START RAW DATA

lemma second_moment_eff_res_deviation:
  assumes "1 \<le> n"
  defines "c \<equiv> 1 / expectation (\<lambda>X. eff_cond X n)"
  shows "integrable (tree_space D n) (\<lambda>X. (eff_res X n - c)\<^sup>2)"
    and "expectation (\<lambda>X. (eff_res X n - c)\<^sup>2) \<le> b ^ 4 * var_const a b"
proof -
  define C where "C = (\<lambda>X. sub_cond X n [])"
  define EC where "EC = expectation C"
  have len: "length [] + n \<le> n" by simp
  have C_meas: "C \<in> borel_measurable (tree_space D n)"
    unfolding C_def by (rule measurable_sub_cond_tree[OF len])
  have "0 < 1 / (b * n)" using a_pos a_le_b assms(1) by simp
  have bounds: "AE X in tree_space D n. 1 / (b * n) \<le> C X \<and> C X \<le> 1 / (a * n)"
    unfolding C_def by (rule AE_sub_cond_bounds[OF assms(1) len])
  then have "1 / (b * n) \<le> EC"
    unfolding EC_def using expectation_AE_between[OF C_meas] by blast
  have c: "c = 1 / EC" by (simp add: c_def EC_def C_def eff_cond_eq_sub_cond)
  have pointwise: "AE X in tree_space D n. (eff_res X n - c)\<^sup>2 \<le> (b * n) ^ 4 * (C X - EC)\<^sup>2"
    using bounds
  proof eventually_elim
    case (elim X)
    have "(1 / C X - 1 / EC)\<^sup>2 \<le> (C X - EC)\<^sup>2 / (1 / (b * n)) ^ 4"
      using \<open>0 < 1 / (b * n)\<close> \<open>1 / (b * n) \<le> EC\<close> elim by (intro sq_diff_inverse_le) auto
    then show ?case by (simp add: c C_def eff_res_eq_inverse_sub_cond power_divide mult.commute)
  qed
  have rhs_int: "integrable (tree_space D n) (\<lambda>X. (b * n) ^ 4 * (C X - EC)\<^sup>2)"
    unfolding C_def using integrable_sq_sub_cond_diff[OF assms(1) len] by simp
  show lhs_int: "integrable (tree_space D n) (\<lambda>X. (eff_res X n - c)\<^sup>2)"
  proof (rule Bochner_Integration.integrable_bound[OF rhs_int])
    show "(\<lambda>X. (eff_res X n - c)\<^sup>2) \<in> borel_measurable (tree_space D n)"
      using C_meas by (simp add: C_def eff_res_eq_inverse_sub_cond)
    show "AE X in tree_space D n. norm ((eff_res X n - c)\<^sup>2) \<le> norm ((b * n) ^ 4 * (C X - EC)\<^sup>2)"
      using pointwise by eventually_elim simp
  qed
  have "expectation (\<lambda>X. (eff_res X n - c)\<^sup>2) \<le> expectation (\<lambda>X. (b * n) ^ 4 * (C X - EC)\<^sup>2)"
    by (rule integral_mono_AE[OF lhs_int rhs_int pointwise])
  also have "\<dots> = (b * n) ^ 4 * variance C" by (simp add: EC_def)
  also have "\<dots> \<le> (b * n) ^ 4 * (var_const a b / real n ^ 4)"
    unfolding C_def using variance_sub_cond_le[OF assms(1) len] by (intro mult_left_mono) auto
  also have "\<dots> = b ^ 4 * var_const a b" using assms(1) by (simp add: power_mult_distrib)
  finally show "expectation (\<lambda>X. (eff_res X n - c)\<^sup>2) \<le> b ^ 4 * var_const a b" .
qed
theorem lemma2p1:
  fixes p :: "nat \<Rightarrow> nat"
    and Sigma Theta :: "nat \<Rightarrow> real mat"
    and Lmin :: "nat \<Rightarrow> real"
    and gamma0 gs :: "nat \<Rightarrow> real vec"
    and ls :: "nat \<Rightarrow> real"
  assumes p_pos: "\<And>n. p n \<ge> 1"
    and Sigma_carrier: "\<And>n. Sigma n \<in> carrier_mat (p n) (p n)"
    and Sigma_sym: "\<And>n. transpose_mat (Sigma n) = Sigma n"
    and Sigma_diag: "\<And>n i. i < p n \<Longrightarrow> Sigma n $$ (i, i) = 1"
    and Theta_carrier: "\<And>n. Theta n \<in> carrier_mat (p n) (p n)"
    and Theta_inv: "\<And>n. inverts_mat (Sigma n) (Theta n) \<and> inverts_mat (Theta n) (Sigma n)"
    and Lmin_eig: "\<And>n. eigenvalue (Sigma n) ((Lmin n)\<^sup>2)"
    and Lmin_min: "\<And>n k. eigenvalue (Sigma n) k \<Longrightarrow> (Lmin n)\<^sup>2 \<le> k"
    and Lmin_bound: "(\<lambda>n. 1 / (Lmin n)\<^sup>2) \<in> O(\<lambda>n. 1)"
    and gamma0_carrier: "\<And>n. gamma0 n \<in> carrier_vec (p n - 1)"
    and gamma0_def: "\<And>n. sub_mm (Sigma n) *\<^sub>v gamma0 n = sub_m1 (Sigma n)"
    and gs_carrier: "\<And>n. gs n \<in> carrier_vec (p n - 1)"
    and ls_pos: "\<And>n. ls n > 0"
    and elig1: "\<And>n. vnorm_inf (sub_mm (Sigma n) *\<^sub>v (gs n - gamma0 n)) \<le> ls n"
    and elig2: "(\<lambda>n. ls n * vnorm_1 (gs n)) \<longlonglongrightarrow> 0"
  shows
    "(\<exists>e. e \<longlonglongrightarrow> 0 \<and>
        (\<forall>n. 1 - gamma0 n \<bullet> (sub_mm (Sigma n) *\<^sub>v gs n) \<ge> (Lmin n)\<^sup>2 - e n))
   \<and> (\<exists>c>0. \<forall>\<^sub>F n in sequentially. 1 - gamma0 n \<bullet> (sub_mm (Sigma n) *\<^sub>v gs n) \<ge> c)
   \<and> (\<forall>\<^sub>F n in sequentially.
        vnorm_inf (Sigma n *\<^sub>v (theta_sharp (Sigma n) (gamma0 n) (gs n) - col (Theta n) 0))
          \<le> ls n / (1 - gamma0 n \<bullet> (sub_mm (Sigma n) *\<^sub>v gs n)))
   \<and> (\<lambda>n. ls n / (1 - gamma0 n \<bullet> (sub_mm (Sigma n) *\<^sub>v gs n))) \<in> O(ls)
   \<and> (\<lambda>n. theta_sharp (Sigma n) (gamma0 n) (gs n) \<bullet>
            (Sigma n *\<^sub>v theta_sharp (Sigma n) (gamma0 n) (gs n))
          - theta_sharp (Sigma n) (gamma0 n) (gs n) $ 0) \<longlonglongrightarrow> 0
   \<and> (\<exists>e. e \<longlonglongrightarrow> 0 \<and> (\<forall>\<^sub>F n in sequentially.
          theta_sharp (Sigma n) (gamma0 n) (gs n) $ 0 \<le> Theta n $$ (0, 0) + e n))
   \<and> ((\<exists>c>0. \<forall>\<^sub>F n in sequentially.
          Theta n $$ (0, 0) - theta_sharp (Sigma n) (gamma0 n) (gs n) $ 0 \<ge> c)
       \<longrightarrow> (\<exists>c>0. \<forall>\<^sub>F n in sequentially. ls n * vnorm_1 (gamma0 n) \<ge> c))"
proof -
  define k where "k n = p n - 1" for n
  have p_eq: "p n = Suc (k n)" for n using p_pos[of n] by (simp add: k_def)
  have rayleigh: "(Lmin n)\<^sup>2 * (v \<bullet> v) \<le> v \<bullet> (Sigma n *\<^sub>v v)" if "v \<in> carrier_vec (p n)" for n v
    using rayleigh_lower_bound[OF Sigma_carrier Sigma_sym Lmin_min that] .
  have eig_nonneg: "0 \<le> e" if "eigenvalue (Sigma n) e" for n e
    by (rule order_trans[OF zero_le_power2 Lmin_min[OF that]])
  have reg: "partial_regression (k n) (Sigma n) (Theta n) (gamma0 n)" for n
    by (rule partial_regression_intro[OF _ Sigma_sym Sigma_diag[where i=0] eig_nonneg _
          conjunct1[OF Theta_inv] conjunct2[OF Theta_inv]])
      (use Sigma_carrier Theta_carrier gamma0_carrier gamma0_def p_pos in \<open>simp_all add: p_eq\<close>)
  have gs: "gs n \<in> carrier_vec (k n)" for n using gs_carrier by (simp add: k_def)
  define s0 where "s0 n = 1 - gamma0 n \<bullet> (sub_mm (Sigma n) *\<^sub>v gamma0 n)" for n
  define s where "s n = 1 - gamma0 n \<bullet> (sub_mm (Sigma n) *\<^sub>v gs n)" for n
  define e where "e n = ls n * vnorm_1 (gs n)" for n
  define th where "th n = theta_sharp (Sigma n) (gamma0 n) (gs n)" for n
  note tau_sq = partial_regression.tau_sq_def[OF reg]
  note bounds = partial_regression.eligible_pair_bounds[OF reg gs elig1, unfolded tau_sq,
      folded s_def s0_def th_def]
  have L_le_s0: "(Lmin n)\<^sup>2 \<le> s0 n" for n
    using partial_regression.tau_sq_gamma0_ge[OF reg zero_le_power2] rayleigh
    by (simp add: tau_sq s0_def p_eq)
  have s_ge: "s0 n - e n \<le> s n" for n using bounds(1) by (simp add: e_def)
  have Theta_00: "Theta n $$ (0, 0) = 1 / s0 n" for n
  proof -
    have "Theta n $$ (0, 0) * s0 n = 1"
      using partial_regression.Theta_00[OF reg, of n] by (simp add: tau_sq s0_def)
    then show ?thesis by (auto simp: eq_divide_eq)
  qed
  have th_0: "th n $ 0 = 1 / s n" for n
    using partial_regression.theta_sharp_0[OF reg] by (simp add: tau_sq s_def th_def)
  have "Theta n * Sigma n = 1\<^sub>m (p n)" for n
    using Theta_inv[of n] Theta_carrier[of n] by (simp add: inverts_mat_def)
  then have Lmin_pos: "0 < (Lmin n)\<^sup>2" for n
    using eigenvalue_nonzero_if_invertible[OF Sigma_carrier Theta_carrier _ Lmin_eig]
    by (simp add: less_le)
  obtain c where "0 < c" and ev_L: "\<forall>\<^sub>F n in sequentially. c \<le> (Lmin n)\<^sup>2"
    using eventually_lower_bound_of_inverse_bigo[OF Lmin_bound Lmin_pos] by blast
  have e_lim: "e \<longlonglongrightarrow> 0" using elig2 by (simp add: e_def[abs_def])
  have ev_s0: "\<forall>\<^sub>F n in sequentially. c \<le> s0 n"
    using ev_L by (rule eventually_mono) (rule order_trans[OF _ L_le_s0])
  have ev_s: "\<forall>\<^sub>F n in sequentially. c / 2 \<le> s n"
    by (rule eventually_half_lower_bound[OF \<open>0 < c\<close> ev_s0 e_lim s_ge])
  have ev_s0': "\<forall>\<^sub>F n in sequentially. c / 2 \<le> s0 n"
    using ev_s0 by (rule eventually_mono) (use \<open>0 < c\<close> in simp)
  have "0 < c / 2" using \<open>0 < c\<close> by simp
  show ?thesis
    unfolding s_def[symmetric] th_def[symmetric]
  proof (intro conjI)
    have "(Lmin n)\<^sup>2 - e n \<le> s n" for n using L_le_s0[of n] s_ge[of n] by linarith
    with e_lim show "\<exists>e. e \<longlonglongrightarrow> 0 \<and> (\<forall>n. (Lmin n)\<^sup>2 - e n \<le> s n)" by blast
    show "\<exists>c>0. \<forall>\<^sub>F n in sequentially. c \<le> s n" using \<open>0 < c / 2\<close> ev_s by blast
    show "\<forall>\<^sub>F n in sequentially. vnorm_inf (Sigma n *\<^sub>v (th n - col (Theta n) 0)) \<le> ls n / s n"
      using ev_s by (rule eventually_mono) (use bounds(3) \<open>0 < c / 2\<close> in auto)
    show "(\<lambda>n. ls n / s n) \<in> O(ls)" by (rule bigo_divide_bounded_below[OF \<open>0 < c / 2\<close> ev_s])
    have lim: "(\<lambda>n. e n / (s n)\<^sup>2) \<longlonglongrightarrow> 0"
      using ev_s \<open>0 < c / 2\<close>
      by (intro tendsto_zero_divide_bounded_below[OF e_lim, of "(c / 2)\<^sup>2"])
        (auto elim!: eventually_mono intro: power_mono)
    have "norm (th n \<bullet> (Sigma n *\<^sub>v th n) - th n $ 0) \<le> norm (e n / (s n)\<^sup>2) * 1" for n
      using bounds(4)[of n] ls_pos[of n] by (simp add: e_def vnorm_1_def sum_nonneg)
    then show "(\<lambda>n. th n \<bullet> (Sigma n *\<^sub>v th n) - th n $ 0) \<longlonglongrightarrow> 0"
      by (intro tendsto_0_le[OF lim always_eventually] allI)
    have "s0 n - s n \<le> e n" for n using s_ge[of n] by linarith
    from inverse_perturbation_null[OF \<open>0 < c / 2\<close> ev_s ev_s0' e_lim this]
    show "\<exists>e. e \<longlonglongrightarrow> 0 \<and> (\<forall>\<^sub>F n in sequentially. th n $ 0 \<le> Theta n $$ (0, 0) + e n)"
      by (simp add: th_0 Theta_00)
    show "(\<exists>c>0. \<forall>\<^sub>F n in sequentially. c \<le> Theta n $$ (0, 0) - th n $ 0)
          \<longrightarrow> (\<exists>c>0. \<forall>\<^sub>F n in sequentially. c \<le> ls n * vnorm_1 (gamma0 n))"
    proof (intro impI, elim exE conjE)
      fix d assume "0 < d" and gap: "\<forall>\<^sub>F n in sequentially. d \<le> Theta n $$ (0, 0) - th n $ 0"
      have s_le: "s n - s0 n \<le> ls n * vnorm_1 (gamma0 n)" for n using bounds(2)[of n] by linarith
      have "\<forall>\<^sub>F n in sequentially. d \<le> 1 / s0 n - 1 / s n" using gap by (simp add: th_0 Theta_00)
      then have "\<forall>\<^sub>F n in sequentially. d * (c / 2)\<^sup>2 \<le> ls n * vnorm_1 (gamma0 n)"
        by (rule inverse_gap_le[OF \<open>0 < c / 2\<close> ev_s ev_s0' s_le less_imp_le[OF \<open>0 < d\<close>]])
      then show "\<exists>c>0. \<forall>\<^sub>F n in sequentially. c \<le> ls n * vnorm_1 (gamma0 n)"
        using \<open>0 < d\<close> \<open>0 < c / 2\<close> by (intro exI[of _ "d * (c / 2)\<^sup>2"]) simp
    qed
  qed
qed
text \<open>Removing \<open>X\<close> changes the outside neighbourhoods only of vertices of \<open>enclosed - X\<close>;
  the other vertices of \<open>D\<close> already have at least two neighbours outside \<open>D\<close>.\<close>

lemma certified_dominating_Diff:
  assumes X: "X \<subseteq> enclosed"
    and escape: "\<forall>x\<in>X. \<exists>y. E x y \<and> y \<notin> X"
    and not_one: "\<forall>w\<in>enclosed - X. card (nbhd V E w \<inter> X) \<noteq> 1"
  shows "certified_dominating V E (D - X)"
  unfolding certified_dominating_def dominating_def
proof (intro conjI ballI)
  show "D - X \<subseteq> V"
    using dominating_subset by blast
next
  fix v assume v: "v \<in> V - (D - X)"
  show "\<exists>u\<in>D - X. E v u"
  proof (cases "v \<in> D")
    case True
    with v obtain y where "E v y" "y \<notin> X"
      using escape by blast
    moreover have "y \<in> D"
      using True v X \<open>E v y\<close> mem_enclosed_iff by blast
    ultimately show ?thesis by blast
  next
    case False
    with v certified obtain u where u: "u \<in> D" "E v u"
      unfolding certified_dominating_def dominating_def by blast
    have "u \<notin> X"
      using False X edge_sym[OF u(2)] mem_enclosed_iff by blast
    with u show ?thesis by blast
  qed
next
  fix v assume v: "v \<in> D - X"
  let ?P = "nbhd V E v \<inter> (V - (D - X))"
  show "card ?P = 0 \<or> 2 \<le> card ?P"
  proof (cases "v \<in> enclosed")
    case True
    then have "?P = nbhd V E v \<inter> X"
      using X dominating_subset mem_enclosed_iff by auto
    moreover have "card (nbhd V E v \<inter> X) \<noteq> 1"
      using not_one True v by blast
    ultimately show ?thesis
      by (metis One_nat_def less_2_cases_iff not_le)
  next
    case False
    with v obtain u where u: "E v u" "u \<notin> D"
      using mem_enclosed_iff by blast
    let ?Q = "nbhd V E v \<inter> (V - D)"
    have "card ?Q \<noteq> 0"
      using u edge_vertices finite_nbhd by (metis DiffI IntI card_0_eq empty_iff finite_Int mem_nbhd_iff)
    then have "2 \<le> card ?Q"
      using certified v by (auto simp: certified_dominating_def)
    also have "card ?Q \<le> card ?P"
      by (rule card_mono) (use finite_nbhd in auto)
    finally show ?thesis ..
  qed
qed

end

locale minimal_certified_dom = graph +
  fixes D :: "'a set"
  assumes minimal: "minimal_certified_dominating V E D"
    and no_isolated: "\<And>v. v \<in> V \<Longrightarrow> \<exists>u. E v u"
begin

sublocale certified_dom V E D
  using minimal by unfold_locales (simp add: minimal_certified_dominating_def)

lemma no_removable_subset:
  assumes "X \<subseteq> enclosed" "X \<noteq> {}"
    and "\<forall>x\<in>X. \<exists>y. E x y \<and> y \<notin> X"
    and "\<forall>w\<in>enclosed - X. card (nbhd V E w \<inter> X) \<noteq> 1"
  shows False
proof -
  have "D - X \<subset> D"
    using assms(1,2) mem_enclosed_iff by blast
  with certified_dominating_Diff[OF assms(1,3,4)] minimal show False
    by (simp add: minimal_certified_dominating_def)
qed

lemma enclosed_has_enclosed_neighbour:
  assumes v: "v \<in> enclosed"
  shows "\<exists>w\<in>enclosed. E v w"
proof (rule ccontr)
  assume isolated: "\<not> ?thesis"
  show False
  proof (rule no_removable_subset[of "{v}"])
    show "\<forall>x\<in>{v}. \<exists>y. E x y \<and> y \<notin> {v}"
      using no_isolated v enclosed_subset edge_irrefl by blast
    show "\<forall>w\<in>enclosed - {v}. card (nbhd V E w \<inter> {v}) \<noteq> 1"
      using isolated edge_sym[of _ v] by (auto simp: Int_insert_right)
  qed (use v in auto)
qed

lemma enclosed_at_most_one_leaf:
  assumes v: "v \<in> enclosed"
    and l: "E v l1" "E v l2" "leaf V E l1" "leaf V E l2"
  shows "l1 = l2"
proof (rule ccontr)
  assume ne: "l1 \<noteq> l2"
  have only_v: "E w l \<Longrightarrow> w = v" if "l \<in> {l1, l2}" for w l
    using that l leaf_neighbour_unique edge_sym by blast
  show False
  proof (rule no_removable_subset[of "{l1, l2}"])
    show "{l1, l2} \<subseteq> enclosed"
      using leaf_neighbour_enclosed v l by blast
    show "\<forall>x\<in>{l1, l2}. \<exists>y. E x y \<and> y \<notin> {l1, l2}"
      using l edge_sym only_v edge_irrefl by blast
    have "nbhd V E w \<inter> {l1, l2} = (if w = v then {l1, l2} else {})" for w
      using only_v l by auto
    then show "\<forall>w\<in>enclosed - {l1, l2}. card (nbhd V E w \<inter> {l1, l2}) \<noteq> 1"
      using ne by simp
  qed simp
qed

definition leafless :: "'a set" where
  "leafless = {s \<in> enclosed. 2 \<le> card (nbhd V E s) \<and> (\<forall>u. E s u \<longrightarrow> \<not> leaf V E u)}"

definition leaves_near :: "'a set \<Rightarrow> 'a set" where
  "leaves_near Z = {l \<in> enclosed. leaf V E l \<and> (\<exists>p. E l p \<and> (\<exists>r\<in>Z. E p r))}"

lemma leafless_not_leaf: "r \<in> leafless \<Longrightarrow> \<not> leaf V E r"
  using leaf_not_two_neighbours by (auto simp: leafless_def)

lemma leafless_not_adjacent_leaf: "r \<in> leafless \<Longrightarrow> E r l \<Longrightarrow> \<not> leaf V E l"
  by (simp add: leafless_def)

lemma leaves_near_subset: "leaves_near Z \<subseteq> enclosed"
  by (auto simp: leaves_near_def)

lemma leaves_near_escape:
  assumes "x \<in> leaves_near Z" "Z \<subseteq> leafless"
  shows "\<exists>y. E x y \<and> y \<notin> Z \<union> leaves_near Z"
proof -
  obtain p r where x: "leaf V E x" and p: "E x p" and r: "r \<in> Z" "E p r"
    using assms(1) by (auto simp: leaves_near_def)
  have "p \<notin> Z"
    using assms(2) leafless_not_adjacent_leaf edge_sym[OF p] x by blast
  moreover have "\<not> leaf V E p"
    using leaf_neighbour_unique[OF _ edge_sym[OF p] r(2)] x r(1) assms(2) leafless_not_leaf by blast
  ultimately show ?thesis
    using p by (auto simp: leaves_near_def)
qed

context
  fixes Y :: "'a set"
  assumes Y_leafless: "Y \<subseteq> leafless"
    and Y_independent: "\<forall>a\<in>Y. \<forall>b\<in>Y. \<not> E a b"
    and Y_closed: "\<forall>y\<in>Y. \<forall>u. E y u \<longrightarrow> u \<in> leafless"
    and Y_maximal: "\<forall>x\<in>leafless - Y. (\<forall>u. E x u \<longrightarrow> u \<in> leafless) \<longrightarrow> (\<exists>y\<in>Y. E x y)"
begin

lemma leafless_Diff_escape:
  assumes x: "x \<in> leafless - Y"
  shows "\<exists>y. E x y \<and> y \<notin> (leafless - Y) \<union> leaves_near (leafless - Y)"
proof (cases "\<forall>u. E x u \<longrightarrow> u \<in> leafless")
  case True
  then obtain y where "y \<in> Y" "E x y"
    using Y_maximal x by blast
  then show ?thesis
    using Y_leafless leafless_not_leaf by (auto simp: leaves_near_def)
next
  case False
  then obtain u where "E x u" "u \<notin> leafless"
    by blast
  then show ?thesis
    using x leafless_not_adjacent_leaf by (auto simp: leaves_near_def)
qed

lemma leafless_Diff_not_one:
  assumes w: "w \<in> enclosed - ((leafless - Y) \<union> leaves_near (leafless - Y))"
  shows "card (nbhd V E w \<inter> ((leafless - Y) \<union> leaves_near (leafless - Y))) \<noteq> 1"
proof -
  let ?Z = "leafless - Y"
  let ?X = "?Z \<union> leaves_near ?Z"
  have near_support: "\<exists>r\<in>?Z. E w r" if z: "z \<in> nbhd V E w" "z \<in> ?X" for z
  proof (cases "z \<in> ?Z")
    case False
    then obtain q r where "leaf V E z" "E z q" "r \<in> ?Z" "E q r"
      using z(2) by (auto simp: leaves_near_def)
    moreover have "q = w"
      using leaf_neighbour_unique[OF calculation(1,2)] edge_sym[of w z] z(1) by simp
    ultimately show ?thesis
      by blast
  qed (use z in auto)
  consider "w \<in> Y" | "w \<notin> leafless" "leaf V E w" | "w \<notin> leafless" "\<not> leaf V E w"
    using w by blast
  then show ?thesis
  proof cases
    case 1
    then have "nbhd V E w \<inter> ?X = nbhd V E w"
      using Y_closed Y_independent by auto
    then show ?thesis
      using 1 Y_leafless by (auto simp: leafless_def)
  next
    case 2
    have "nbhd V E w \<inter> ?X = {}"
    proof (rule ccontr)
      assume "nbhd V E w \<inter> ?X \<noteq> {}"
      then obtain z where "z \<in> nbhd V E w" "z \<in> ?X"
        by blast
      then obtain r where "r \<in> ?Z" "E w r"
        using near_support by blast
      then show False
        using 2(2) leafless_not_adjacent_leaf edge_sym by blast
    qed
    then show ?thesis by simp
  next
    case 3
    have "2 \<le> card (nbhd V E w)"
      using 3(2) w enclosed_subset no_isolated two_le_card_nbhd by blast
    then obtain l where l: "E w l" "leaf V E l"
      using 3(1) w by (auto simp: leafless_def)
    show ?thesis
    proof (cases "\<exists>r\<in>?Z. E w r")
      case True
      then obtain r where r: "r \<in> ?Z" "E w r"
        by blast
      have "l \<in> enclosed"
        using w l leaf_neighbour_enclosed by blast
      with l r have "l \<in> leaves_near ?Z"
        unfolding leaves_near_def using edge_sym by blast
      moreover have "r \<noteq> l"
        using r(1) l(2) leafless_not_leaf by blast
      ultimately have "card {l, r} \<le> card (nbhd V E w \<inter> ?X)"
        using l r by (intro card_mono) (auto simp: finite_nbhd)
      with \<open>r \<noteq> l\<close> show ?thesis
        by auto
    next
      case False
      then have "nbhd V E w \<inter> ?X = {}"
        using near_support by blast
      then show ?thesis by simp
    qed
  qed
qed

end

END RAW DATA

Locate the word "that" in the data above. Copy every line carrying it.

**SOLVED EXERCISE**
    using rayleigh_lower_bound[OF Sigma_carrier Sigma_sym Lmin_min that] .
    by (rule order_trans[OF zero_le_power2 Lmin_min[OF that]])
    using that l leaf_neighbour_unique edge_sym by blast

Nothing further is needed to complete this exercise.